JOHAN Dippenaar takes refuge in the catch-all word “disappointing” to describe Petra’s last financial year. Others would call it extremely stressful. 2017 was the year of peak capital spending for Petra as it completed life extension projects at Cullinan and Finsch mines. Apart from a slower-than-expected ramp-up of the projects and the seizure of valuable diamonds at its Williamson mine in Tanzania by a government keen to enforce a new regulatory regime, Petra has also had to deal with wage-related labour stoppages in South Africa. The company has warned it is likely to breach its debt covenants. That’s apart from the increasing aversion that UK shareholders are feeling towards the political and regulatory uncertainty in South Africa. Petra’s shares were down 60% at the same time as the other UK-listed miners were up 18%. Petra’s board is not one to take this lightly: Dippenaar’s total remuneration dropped 43% to £545,687 in the year to June. But as the new mines come on stream the quality of production will improve – with higher-grade underground ore replacing the tailings that have been contributing about 30% of Petra’s output – and cash will start to flow.
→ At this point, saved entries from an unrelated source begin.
(* Let $K$ be a simplicial complex with weight function $w_K\equiv1$, and let $L$ be a subcomplex of $K$ with $S_n(L)=S_n(K)$, equipped with a weight function $w_L$ taking values in $\{0,1\}$. Let $\theta_1\le\theta_2\le\dots$ and $\lambda_1\le\lambda_2\le\dots$ be the eigenvalues of $\mathcal{L}^{up}_n(L,w_L)$ and $\mathcal{L}^{up}_n(K,w_K)$, respectively. Then $\theta_k\le\lambda_k$ for every $k$.
   Context: $S_j(K)$ is the set of $j$-faces; $C^j(K,\mathbb{R})$ the real cochains on oriented $j$-faces, coboundary $(\delta_j f)([v_0,\dots,v_{j+1}])=\sum_i(-1)^if([v_0,\dots,\hat v_i,\dots,v_{j+1}])$. For a weight function $w\ge0$ on faces, $(f,g)=\sum_{F\in S_j}w(F)f([F])g([F])$ and the formal adjoint is $(\delta_j^*\bar f)([F])=\sum_{\bar F\in S_{j+1},\bar F\supset F}\frac{w(\bar F)}{w(F)}\mathrm{sgn}([F],\partial[\bar F])\bar f([\bar F])$ if $w(F)\ne0$, and $0$ if $w(F)=0$, where $\mathrm{sgn}([v_0,..,\hat v_i,..,v_{j+1}],\partial[v_0,..,v_{j+1}])=(-1)^i$. The up-Laplacian is $\mathcal{L}^{up}_n(K,w)=\delta_n^*\delta_n$ on $C^n$; with $w\equiv1$ it is the combinatorial up-Laplacian. Both Laplacians act on $n$-cochains of spaces of the same dimension $|S_n(K)|$. *)

theory Defs
  imports "Jordan_Normal_Form.Char_Poly"
begin

text \<open>The orientation
 of a face is the one given by listing its vertices in increasing order.\<close>

definition simplicial_complex :: "'v set set \<Rightarrow> bool" where
  "simplicial_complex K \<longleftrightarrow> finite K \<and>
     (\<forall>F\<in>K. finite F \<and> F \<noteq> {}) \<and>
     (\<forall>F\<in>K. \<forall>G. G \<subseteq> F \<longrightarrow> G \<noteq> {} \<longrightarrow> G \<in> K)"

definition subcomplex :: "'v set set \<Rightarrow> 'v set set \<Rightarrow> bool" where
  "subcomplex L K \<longleftrightarrow> simplicial_complex L \<and> L \<subseteq> K"

definition faces :: "nat \<Rightarrow> 'v set set \<Rightarrow> 'v set set" where
  "faces j K = {F \<in> K. card F = j + 1}"

text \<open>Position (0-based) of vertex v in the increasingly ordered face Fb.\<close>
definition vpos :: "'v::linorder set \<Rightarrow> 'v \<Rightarrow> nat" where
  "vpos Fb v = card {u \<in> Fb. u < v}"

text \<open>Coboundary: \<open>(\<delta> f)[v_0..v_{j+1}] = \<Sum>_i (-1)^i f[v_0..\<hat>v_i..v_{j+1}]\<close>.
 Cochains are real functions on (positively oriented) faces.\<close>
definition coboundary :: "('v::linorder set \<Rightarrow> real) \<Rightarrow> 'v set \<Rightarrow> real" where
  "coboundary f Fb = (\<Sum>v\<in>Fb. (-1) ^ vpos Fb v * f (Fb - {v}))"

text \<open>\<open>sgn([F], \<partial>[Fb])\<close> for F a facet of Fb.\<close>
definition bsign :: "'v::linorder set \<Rightarrow> 'v set \<Rightarrow> real" where
  "bsign F Fb = (-1) ^ vpos Fb (the_elem (Fb - F))"

text \<open>Formal adjoint \<open>\<delta>_j^*\<close> w.r.t. the weight w on the complex K.\<close>
definition coboundary_adj ::
  "'v::linorder set set \<Rightarrow> ('v set \<Rightarrow> real) \<Rightarrow> nat \<Rightarrow> ('v set \<Rightarrow> real) \<Rightarrow> 'v set \<Rightarrow> real" where
  "coboundary_adj K w j g F =
     (if w F \<noteq> 0 then
        (\<Sum>Fb\<in>{Fb \<in> faces (j + 1) K. F \<subset> Fb}. w Fb / w F * bsign F Fb * g Fb)
      else 0)"

definition up_laplacian ::
  "'v::linorder set set \<Rightarrow> ('v set \<Rightarrow> real) \<Rightarrow> nat \<Rightarrow> ('v set \<Rightarrow> real) \<Rightarrow> 'v set \<Rightarrow> real" where
  "up_laplacian K w n f = coboundary_adj K w n (coboundary f)"

definition face_enum :: "nat \<Rightarrow> 'v set set \<Rightarrow> 'v set list" where
  "face_enum n K = (SOME xs. distinct xs \<and> set xs = faces n K)"

definition up_laplacian_mat ::
  "'v::linorder set set \<Rightarrow> ('v set \<Rightarrow> real) \<Rightarrow> nat \<Rightarrow> real mat" where
  "up_laplacian_mat K w n =
     (let xs = face_enum n K; N = length xs in
      mat N N (\<lambda>(i, j). up_laplacian K w n (\<lambda>F. if F = xs ! j then 1 else 0) (xs ! i)))"

definition eigenvalues_sorted :: "real mat \<Rightarrow> real list" where
  "eigenvalues_sorted A = sorted_list_of_multiset (proots (char_poly A))"

end

theory Submission
  imports Defs "Jordan_Normal_Form.Schur_Decomposition"
begin

text \<open>In the basis of indicator cochains of the \<open>n\<close>-faces, the up-Laplacian of \<open>(L, w\<^sub>L)\<close> has the
  matrix \<open>P G\<^sub>L\<close>, where \<open>G\<^sub>L\<close> is the Gram matrix of the coboundaries of the basis cochains
  weighted by \<open>w\<^sub>L\<close> on the \<open>(n+1)\<close>-faces of \<open>L\<close>, and \<open>P\<close> is the 0/1 diagonal matrix of the
  weights of the \<open>n\<close>-faces; for \<open>K\<close> it is the unweighted Gram matrix \<open>G\<^sub>K\<close>. Since \<open>L \<subseteq> K\<close> and
  \<open>w\<^sub>L \<le> 1\<close>, \<open>G\<^sub>L \<le> G\<^sub>K\<close> as quadratic forms. The matrix \<open>P G\<^sub>L\<close> has the same eigenvalues
  as the symmetric matrix \<open>P G\<^sub>L P\<close>, whose quadratic form agrees with that of \<open>G\<^sub>L\<close> on the
  range of \<open>P\<close>. If \<open>\<theta>\<^sub>k > 0\<close>, the eigenvectors of \<open>P G\<^sub>L P\<close> for \<open>\<theta>\<^sub>k, \<theta>\<^sub>k\<^sub>+\<^sub>1, \<dots>\<close> span a subspace of
  that range on which \<open>P G\<^sub>L P \<le> G\<^sub>K\<close>, and the Courant--Fischer dimension count gives
  \<open>\<theta>\<^sub>k \<le> \<lambda>\<^sub>k\<close>; if \<open>\<theta>\<^sub>k \<le> 0\<close>, the claim follows from \<open>G\<^sub>K\<close> being positive semidefinite.\<close>

section \<open>Spectral theorem for real symmetric matrices\<close>

lemma symmetric_mat_index:
  assumes "A \<in> carrier_mat n n" "transpose_mat A = A" "i < n" "j < n"
  shows "A $$ (i, j) = A $$ (j, i)"
  by (metis assms carrier_matD index_transpose_mat(1))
This may be a little late for Dippenaar to take advantage of De Beers’ decision to sell Voorspoed, but there’s little doubt Petra would have muscled in on the bidding a few years ago.


He was CEO and a co-founder of ASX-listed Crown Diamonds, which had little in the way of growth prospects when it merged with Adonis Pouroulis’s Petra Diamonds – the owner of Angolan prospects – in 2005. Dippenaar, a chartered accountant, has made a number of acquisitions of former De Beers mines to build Petra into one of the world’s leading junior diamond miners.